One of the biggest hacks in cryptocurrency history occurred on the Bybit platform, resulting in the theft of over $1.4 billion. Shortly after the incident, hackers managed to launder a significant portion of the funds using the THORChain protocol.
50% Stolen Assets Laundered
According to a report from Lookonchain on February 28, 2025, hackers used the THORChain protocol to move and launder the stolen funds. Data disclosed by Lookonchain revealed that by February 28, the Lazarus hacker group had successfully laundered approximately 54% of the stolen funds while still holding 229,395 ETH.

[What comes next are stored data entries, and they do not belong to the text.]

lemma phi_gradient_has_derivative:
  assumes "x \<noteq> y" "x \<noteq> y'"
  obtains G' where "((\<lambda>x. sgn (x - y) + sgn (x - y')) has_derivative G') (at x)"
    and "\<And>v. G' v \<bullet> v = norm_diff_hessian y x v + norm_diff_hessian y' x v"
proof
  show "((\<lambda>x. sgn (x - y) + sgn (x - y')) has_derivative
      (\<lambda>h. (h - (sgn (x - y) \<bullet> h) *\<^sub>R sgn (x - y)) /\<^sub>R norm (x - y)
         + (h - (sgn (x - y') \<bullet> h) *\<^sub>R sgn (x - y')) /\<^sub>R norm (x - y'))) (at x)"
    using assms by (intro has_derivative_add has_derivative_sgn_diff)
qed (simp add: norm_diff_hessian_def inner_add_left inner_diff_left power2_eq_square divide_inverse_commute)

lemma phi_shape_operator_tangent_form:
  assumes "q \<noteq> y" "q \<noteq> y'" "sgn (q - y) + sgn (q - y') \<noteq> 0" "(sgn (q - y) + sgn (q - y')) \<bullet> v = 0"
  shows "shape_operator (\<lambda>x. phi x y y') n q v \<bullet> v
       = - sgn ((sgn (q - y) + sgn (q - y')) \<bullet> n)
           * (norm_diff_hessian y q v + norm_diff_hessian y' q v) / norm (sgn (q - y) + sgn (q - y'))"
proof -
  obtain G' where G'_deriv: "((\<lambda>x. sgn (x - y) + sgn (x - y')) has_derivative G') (at q)"
    and G'_form: "\<And>v. G' v \<bullet> v = norm_diff_hessian y q v + norm_diff_hessian y' q v"
    using phi_gradient_has_derivative[OF assms(1,2)] by blast
  have "open (- {y, y'})" by (intro open_Compl finite_imp_closed) simp
  from shape_operator_tangent_form[OF this _ _ G'_deriv] assms show ?thesis
    by (simp add: G'_form phi_has_derivative)
qed
lemma nn_integral_coupling_fst:
  fixes \<mu> \<nu> :: "'a::polish_space measure"
  assumes "\<pi> \<in> couplings UNIV dist \<mu> \<nu>" "g \<in> borel_measurable borel"
  shows "(\<integral>\<^sup>+ z. g (fst z) \<partial>\<pi>) = (\<integral>\<^sup>+ x. g x \<partial>\<mu>)"
  using couplingsD(4)[OF assms(1)]
  by (auto intro!: nn_integral_distr[symmetric] measurable_coupling[OF assms(1)] simp: assms(2))

lemma nn_integral_coupling_snd:
  fixes \<mu> \<nu> :: "'a::polish_space measure"
  assumes "\<pi> \<in> couplings UNIV dist \<mu> \<nu>" "g \<in> borel_measurable borel"
  shows "(\<integral>\<^sup>+ z. g (snd z) \<partial>\<pi>) = (\<integral>\<^sup>+ x. g x \<partial>\<nu>)"
  using couplingsD(5)[OF assms(1)]
  by (auto intro!: nn_integral_distr[symmetric] measurable_coupling[OF assms(1)] simp: assms(2))

lemma measure_coupling_Times:
  fixes \<mu> \<nu> :: "'a::polish_space measure"
  assumes \<pi>: "\<pi> \<in> couplings UNIV dist \<mu> \<nu>" and A: "A \<in> sets borel"
  shows "measure \<mu> A = measure \<pi> (A \<times> UNIV)" "measure \<nu> A = measure \<pi> (UNIV \<times> A)"
proof -
  have "measure \<mu> A = measure \<pi> (fst -` A \<inter> space \<pi>)"
    using couplingsD(4)[OF \<pi>] by (auto intro!: measure_distr measurable_coupling[OF \<pi>] A)
  also have "fst -` A \<inter> space \<pi> = A \<times> UNIV" using couplingsD(3)[OF \<pi>] by auto
  finally show "measure \<mu> A = measure \<pi> (A \<times> UNIV)" .
  have "measure \<nu> A = measure \<pi> (snd -` A \<inter> space \<pi>)"
    using couplingsD(5)[OF \<pi>] by (auto intro!: measure_distr measurable_coupling[OF \<pi>] A)
  also have "snd -` A \<inter> space \<pi> = UNIV \<times> A" using couplingsD(3)[OF \<pi>] by auto
  finally show "measure \<nu> A = measure \<pi> (UNIV \<times> A)" .
qed

lemma prob_space_coupling:
  fixes \<mu> \<nu> :: "'a::polish_space measure"
  assumes \<pi>: "\<pi> \<in> couplings UNIV dist \<mu> \<nu>" and \<mu>: "prob_space \<mu>"
  shows "prob_space \<pi>"
proof (rule prob_spaceI)
  have "emeasure \<pi> (space \<pi>) = emeasure (distr \<pi> borel fst) UNIV"
    by (subst emeasure_distr) (auto intro: measurable_coupling[OF \<pi>] simp: couplingsD(3)[OF \<pi>])
  also have "\<dots> = 1"
    using couplingsD(4)[OF \<pi>] prob_space.emeasure_space_1[OF \<mu>] by (metis space_borel space_distr)
  finally show "emeasure \<pi> (space \<pi>) = 1" .
qed
(* Let $\phi=(\phi_i)_{i\ge1}$ be a sequence of real numbers and define $\mathcal{H}_0^{\phi}=1$ and, for $n\ge0$, $\mathcal{H}_{n+1}^{\phi}(x)=2x\mathcal{H}_n^{\phi}(x)-(\mathcal{H}_n^{\phi})'(x)+\phi_{n+1}\mathcal{H}_n^{\phi}(x)$ (so $\mathcal{H}_n^\phi$ has degree $n$ and depends only on $\phi_1,\dots,\phi_n$). For $l\ge1$ let $\phi^{\{l\}}$ be the sequence obtained from $\phi$ by removing $\phi_l$ ($\phi^{\{l\}}_i=\phi_i$ for $i<l$, $\phi^{\{l\}}_i=\phi_{i+1}$ for $i\ge l$), and for a real $M$ let $\phi^{l,M}$ be the sequence $\phi^{l,M}_i=\phi_i+M\delta_{i,l}$. Then: (1) For every $n\ge0$, $\mathcal{H}_n^\phi$ has $n$ real and simple zeros, and for every $l\ge1$ the zeros of $\mathcal{H}_{n+1}^\phi$ interlace the zeros of $\mathcal{H}_n^{\phi^{\{l\}}}$. (2) Let $\zeta_k(n,\phi)$, $1\le k\le n$, denote the $k$-th zero of $\mathcal{H}_n^\phi$ in increasing order. If $\phi$ and $\rho$ are real sequences with $\phi_j\le\rho_j$ for all $j\ge1$, then $\zeta_k(n,\rho)\le\zeta_k(n,\phi)$ for all $1\le k\le n$. (3) Let $l\le n$ be positive integers and $M\neq0$ real. If $M>0$, the zeros of $\mathcal{H}_n^{\phi^{l,M}}$ interlace the zeros of $\mathcal{H}_n^\phi$; if $M<0$, the zeros of $\mathcal{H}_n^{\phi}$ interlace the zeros of $\mathcal{H}_n^{\phi^{l,M}}$.
   Context: $\delta_{i,l}$ is the Kronecker delta. Interlacing: given two finite sets $U,V$ of real numbers, $U$ (strictly) interlaces $V$ if $\min U<\min V$ and between any two consecutive elements of either of the two sets there is an element of the other; "the zeros of $p$ interlace the zeros of $q$" means the corresponding sets of zeros satisfy this. *)

theory Defs
  imports "HOL-Computational_Algebra.Polynomial"
begin

text \<open>Sequences \<phi> = (\<phi>_i)_{i \<ge> 1} are modelled as functions nat \<Rightarrow> real; the value at 0 is ignored.\<close>

fun Hphi :: "(nat \<Rightarrow> real) \<Rightarrow> nat \<Rightarrow> real poly" where
  "Hphi \<phi> 0 = 1"
| "Hphi \<phi> (Suc n) = [:0, 2:] * Hphi \<phi> n - pderiv (Hphi \<phi> n) + smult (\<phi> (Suc n)) (Hphi \<phi> n)"

definition remove_at :: "nat \<Rightarrow> (nat \<Rightarrow> real) \<Rightarrow> nat \<Rightarrow> real" where
  "remove_at l \<phi> = (\<lambda>i. if i < l then \<phi> i else \<phi> (Suc i))"

definition perturb :: "nat \<Rightarrow> real \<Rightarrow> (nat \<Rightarrow> real) \<Rightarrow> nat \<Rightarrow> real" where
  "perturb l M \<phi> = (\<lambda>i. \<phi> i + (if i = l then M else 0))"

definition zeros :: "real poly \<Rightarrow> real set" where
  "zeros p = {x. poly p x = 0}"

definition consecutive :: "real set \<Rightarrow> real \<Rightarrow> real \<Rightarrow> bool" where
  "consecutive S a b \<longleftrightarrow> a \<in> S \<and> b \<in> S \<and> a < b \<and> \<not> (\<exists>c\<in>S. a < c \<and> c < b)"

definition interlaces :: "real set \<Rightarrow> real set \<Rightarrow> bool" where
  "interlaces U V \<longleftrightarrow> finite U \<and> finite V \<and> U \<noteq> {} \<and>
     (V \<noteq> {} \<longrightarrow> Min U < Min V) \<and>
     (\<forall>a b. consecutive U a b \<longrightarrow> (\<exists>v\<in>V. a < v \<and> v < b)) \<and>
     (\<forall>a b. consecutive V a b \<longrightarrow> (\<exists>u\<in>U. a < u \<and> u < b))"

text \<open>k-th zero (1-based) in increasing order.\<close>
definition kth_zero :: "nat \<Rightarrow> (nat \<Rightarrow> real) \<Rightarrow> nat \<Rightarrow> real" where
  "kth_zero n \<phi> k = sorted_list_of_set (zeros (Hphi \<phi> n)) ! (k - 1)"

end

theory Submission
  imports Defs
begin

text \<open>The polynomials arise by iterating the commuting operators T_c p = (2x + c) p - p',
  so that H^\<phi>_(n+1) = T_(\<phi>_l) H^(\<phi> without \<phi>_l)_n for every l \<le> n + 1.
  If p = C (x - z_0) ... (x - z_(n-1)) with C > 0 and z_0 < ... < z_(n-1), then
  T_c p (z_k) = - p'(z_k) alternates in sign; together with the signs at +/- infinity this puts
  a zero of T_c p into each of the n + 1 gaps of the z_k, so the zeros of T_c p are simple and
  interlace those of p. Since T_(c+M) p = T_c p + M p, at a zero w of T_c p the perturbed
  polynomial has the sign of M p(w), and for M > 0 this forces its zero in the same gap to lie
  left of w. Monotonicity in \<phi> follows by raising the parameters one at a time.\<close>

section \<open>The step operator\<close>

definition hermite_step :: "real \<Rightarrow> real poly \<Rightarrow> real poly" where
  "hermite_step c p = [:c, 2:] * p - pderiv p"

lemma Hphi_Suc_hermite_step: "Hphi \<phi> (Suc n) = hermite_step (\<phi> (Suc n)) (Hphi \<phi> n)"
  by (simp add: hermite_step_def algebra_simps smult_add_left)

lemma hermite_step_commute: "hermite_step a (hermite_step b p) = hermite_step b (hermite_step a p)"
  by (simp add: hermite_step_def pderiv_mult pderiv_diff pderiv_pCons pderiv_add pderiv_smult
      algebra_simps)

lemma hermite_step_add: "hermite_step (c + M) p = hermite_step c p + smult M p"
  by (simp add: hermite_step_def algebra_simps smult_add_left)
definition e_lo :: "edge \<Rightarrow> real" where "e_lo e = fst e"
definition e_hi :: "edge \<Rightarrow> real" where "e_hi e = fst (snd e)"
definition e_fun :: "edge \<Rightarrow> real \<Rightarrow> real" where "e_fun e = snd (snd e)"

definition edge_pts :: "edge \<Rightarrow> point set" where
  "edge_pts e = {(frac t, e_fun e t) | t. e_lo e \<le> t \<and> t \<le> e_hi e}"

definition edge_relint :: "edge \<Rightarrow> point set" where
  "edge_relint e = {(frac t, e_fun e t) | t. e_lo e < t \<and> t < e_hi e}"

definition edge_y :: "edge \<Rightarrow> real \<Rightarrow> real" where
  "edge_y e x = e_fun e (THE t. e_lo e \<le> t \<and> t \<le> e_hi e \<and> frac t = frac x)"

definition monotone_arc :: "edge \<Rightarrow> point \<Rightarrow> point \<Rightarrow> bool" where
  "monotone_arc e v w \<longleftrightarrow> e_lo e < e_hi e \<and> e_hi e - e_lo e < 1 \<and>
     continuous_on {e_lo e..e_hi e} (e_fun e) \<and>
     {(frac (e_lo e), e_fun e (e_lo e)), (frac (e_hi e), e_fun e (e_hi e))} = {v, w}"

text \<open>The line l_{x=0} meets the relative interior of the edge.\<close>
definition meets_zero_line :: "edge \<Rightarrow> bool" where
  "meets_zero_line e \<longleftrightarrow> (\<exists>k::int. e_lo e < of_int k \<and> of_int k < e_hi e)"

definition proper_cross :: "edge \<Rightarrow> edge \<Rightarrow> point \<Rightarrow> bool" where
  "proper_cross e f p \<longleftrightarrow> p \<in> edge_relint e \<and> p \<in> edge_relint f \<and>
     (\<exists>\<delta>>0.
        (\<forall>s. 0 < s \<and> s < \<delta> \<longrightarrow>
            edge_y e (fst p - s) < edge_y f (fst p - s) \<and> edge_y f (fst p + s) < edge_y e (fst p + s)) \<or>
        (\<forall>s. 0 < s \<and> s < \<delta> \<longrightarrow>
            edge_y f (fst p - s) < edge_y e (fst p - s) \<and> edge_y e (fst p + s) < edge_y f (fst p + s)))"

definition edges_cross :: "edge \<Rightarrow> edge \<Rightarrow> bool" where
  "edges_cross e f \<longleftrightarrow> (\<exists>p. proper_cross e f p)"

definition edges_disjoint :: "edge \<Rightarrow> edge \<Rightarrow> bool" where
  "edges_disjoint e f \<longleftrightarrow> edge_pts e \<inter> edge_pts f = {}"

definition pt_below :: "point \<Rightarrow> edge \<Rightarrow> bool" where
  "pt_below p e \<longleftrightarrow> (\<exists>t. e_lo e < t \<and> t < e_hi e \<and> frac t = fst p \<and> snd p < e_fun e t)"

definition pt_above :: "point \<Rightarrow> edge \<Rightarrow> bool" where
  "pt_above p e \<longleftrightarrow> (\<exists>t. e_lo e < t \<and> t < e_hi e \<and> frac t = fst p \<and> e_fun e t < snd p)"

definition is_flag :: "nat \<Rightarrow> (nat \<Rightarrow> point) \<Rightarrow> (nat \<Rightarrow> nat \<Rightarrow> edge) \<Rightarrow> bool" where
  "is_flag n v E \<longleftrightarrow>
     (\<forall>i\<in>{1..n}. 0 < fst (v i) \<and> fst (v i) < 1) \<and>
     (\<forall>i j. 1 \<le> i \<and> i < j \<and> j \<le> n \<longrightarrow> fst (v i) < fst (v j)) \<and>
     (\<forall>i j. 1 \<le> i \<and> i < j \<and> j \<le> n \<longrightarrow> monotone_arc (E i j) (v i) (v j) \<and> meets_zero_line (E i j)) \<and>
     (\<forall>i j k. 1 \<le> i \<and> i < j \<and> j \<le> n \<and> k \<in> {1..n} \<and> k \<noteq> i \<and> k \<noteq> j \<longrightarrow> v k \<notin> edge_pts (E i j)) \<and>
     (\<forall>i j k l. 1 \<le> i \<and> i < j \<and> j \<le> n \<and> 1 \<le> k \<and> k < l \<and> l \<le> n \<and> (i, j) \<noteq> (k, l) \<longrightarrow>
        (\<forall>p\<in>edge_pts (E i j) \<inter> edge_pts (E k l). \<forall>q\<in>edge_pts (E i j) \<inter> edge_pts (E k l). p = q) \<and>
        (\<forall>p\<in>edge_pts (E i j) \<inter> edge_pts (E k l).
            p \<in> {v i, v j} \<inter> {v k, v l} \<or> proper_cross (E i j) (E k l) p))"

text \<open>Sub-curves of edges: a parent edge, the set of x-coordinates of its points, and
the set of x-coordinates of its relative interior.\<close>
type_synonym curve = "edge \<times> real set \<times> real set"

definition curve_pts :: "curve \<Rightarrow> point set" where
  "curve_pts c = {p \<in> edge_pts (fst c). fst p \<in> fst (snd c)}"

definition curve_rixs :: "curve \<Rightarrow> real set" where
  "curve_rixs c = snd (snd c)"

text \<open>For the edge e = vw with v_x < w_x: e^- consists of the points with x-coordinate
in [0, v_x) (relative interior: x in (0, v_x)); e^+ of the points with x in (w_x, 1).\<close>
definition minus_part :: "edge \<Rightarrow> point \<Rightarrow> curve" where
  "minus_part e v = (e, {0..<fst v}, {0<..<fst v})"

definition plus_part :: "edge \<Rightarrow> point \<Rightarrow> curve" where
  "plus_part e w = (e, {fst w<..<1}, {fst w<..<1})"

definition curves_cross :: "curve \<Rightarrow> curve \<Rightarrow> bool" where
  "curves_cross c d \<longleftrightarrow>
     (\<exists>p. p \<in> curve_pts c \<and> p \<in> curve_pts d \<and> proper_cross (fst c) (fst d) p)"

definition curves_related :: "curve \<Rightarrow> curve \<Rightarrow> bool" where
  "curves_related c d \<longleftrightarrow> \<not> curves_cross c d \<and>
     curve_rixs c \<inter> curve_rixs d \<noteq> {} \<and>
     ((\<forall>x\<in>curve_rixs c \<inter> curve_rixs d. edge_y (fst c) x < edge_y (fst d) x) \<or>
      (\<forall>x\<in>curve_rixs c \<inter> curve_rixs d. edge_y (fst d) x < edge_y (fst c) x))"

definition curve_prec :: "curve \<Rightarrow> curve \<Rightarrow> bool" where
  "curve_prec c d \<longleftrightarrow> curves_related c d \<and>
     (\<forall>x\<in>curve_rixs c \<inter> curve_rixs d. edge_y (fst c) x \<le> edge_y (fst d) x)"

end

theory Submission
  imports Defs
begin

text \<open>
  Cut the cylinder along l_{x=0} and unroll it: an edge v_i v_j with i < j leaves v_j to the
  right, crosses l_{x=0} and ends at v_i, so it is the graph of a continuous function over
  [x_j, x_i + 1].  For e = v_1v_2 and f = v_3v_4 a common point lies over [x_4, x_1 + 1]
  (around l_{x=0}) or over [x_2, x_3] (where e^+ meets f^-); there is at most one, and it is a
  sign change of the height difference.

  Suppose v_3 and v_4 are below e.  A crossing around l_{x=0} would put v_1 below f and, no
  crossing being left for [x_2, x_3], v_2 above f.  But the edge v_2v_3 starts at v_3, below e,
  and ends at v_2, above f, meeting neither on the way; so over x_1 it lies below e and above f,
  contradicting v_1 below f.  Hence f stays below e around l_{x=0}, everything happens over
  [x_2, x_3], and the intermediate value theorem decides it by the position of v_2.  The other
  case is the mirror image under y \<mapsto> -y.
\<close>

section \<open>Sign changes of continuous functions\<close>

definition crosses_zero_at :: "(real \<Rightarrow> real) \<Rightarrow> real \<Rightarrow> bool" where
  "crosses_zero_at D z \<longleftrightarrow> (\<exists>\<delta>>0. \<forall>\<sigma>. 0 < \<sigma> \<and> \<sigma> < \<delta> \<longrightarrow> D (z - \<sigma>) * D (z + \<sigma>) < 0)"

lemma crosses_zero_at_scale:
  fixes c :: real
  assumes "c \<noteq> 0"
  shows "crosses_zero_at (\<lambda>s. c * D s) z \<longleftrightarrow> crosses_zero_at D z"
proof -
  have "(c * a) * (c * b) < 0 \<longleftrightarrow> a * b < 0" for a b :: real
  proof -
    have "(c * a) * (c * b) = c\<^sup>2 * (a * b)" by (simp add: power2_eq_square algebra_simps)
    moreover have "0 < c\<^sup>2" using assms by simp
    ultimately show ?thesis by (metis mult_less_cancel_left_pos mult_zero_right)
  qed
  then show ?thesis by (simp add: crosses_zero_at_def)
qed

lemma continuous_nonvanishing_sign_eq:
  fixes D :: "real \<Rightarrow> real"
  assumes cont: "continuous_on {l..r} D" and lr: "l \<le> r" and nz: "\<forall>s\<in>{l..r}. D s \<noteq> 0"
  shows "D l < 0 \<longleftrightarrow> D r < 0"
  using IVT'[of D l 0 r, OF _ _ lr cont] IVT2'[of D r 0 l, OF _ _ lr cont] nz
  by (metis atLeastAtMost_iff linorder_not_less order_less_imp_le)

THORChain's Role in Data Handling
THORChain, which had previously assisted Bybit in blacklisting suspicious wallets, became a tool for moving the stolen funds. According to DefiLlama, this led to a tenfold increase in swap volume through THORChain, from $80 million to $800 million daily.
Community Reaction and Consequences
The Bybit hack sparked controversy in the crypto community, particularly regarding the privacy features provided by THORChain. An internal vote to block transactions associated with the Bybit hack was held but ultimately canceled, as developer Oleg Petrov stated. This resulted in the resignation of a core THORChain developer known as Pluto. Additionally, a validator named TCB threatened to resign if the flow of illicit funds was not stopped.
The Bybit hack highlights the vulnerabilities that still exist in the crypto world. Despite the transparency of blockchain technologies, incidents like this underscore the need for enhanced security and collaboration between regulators and the community.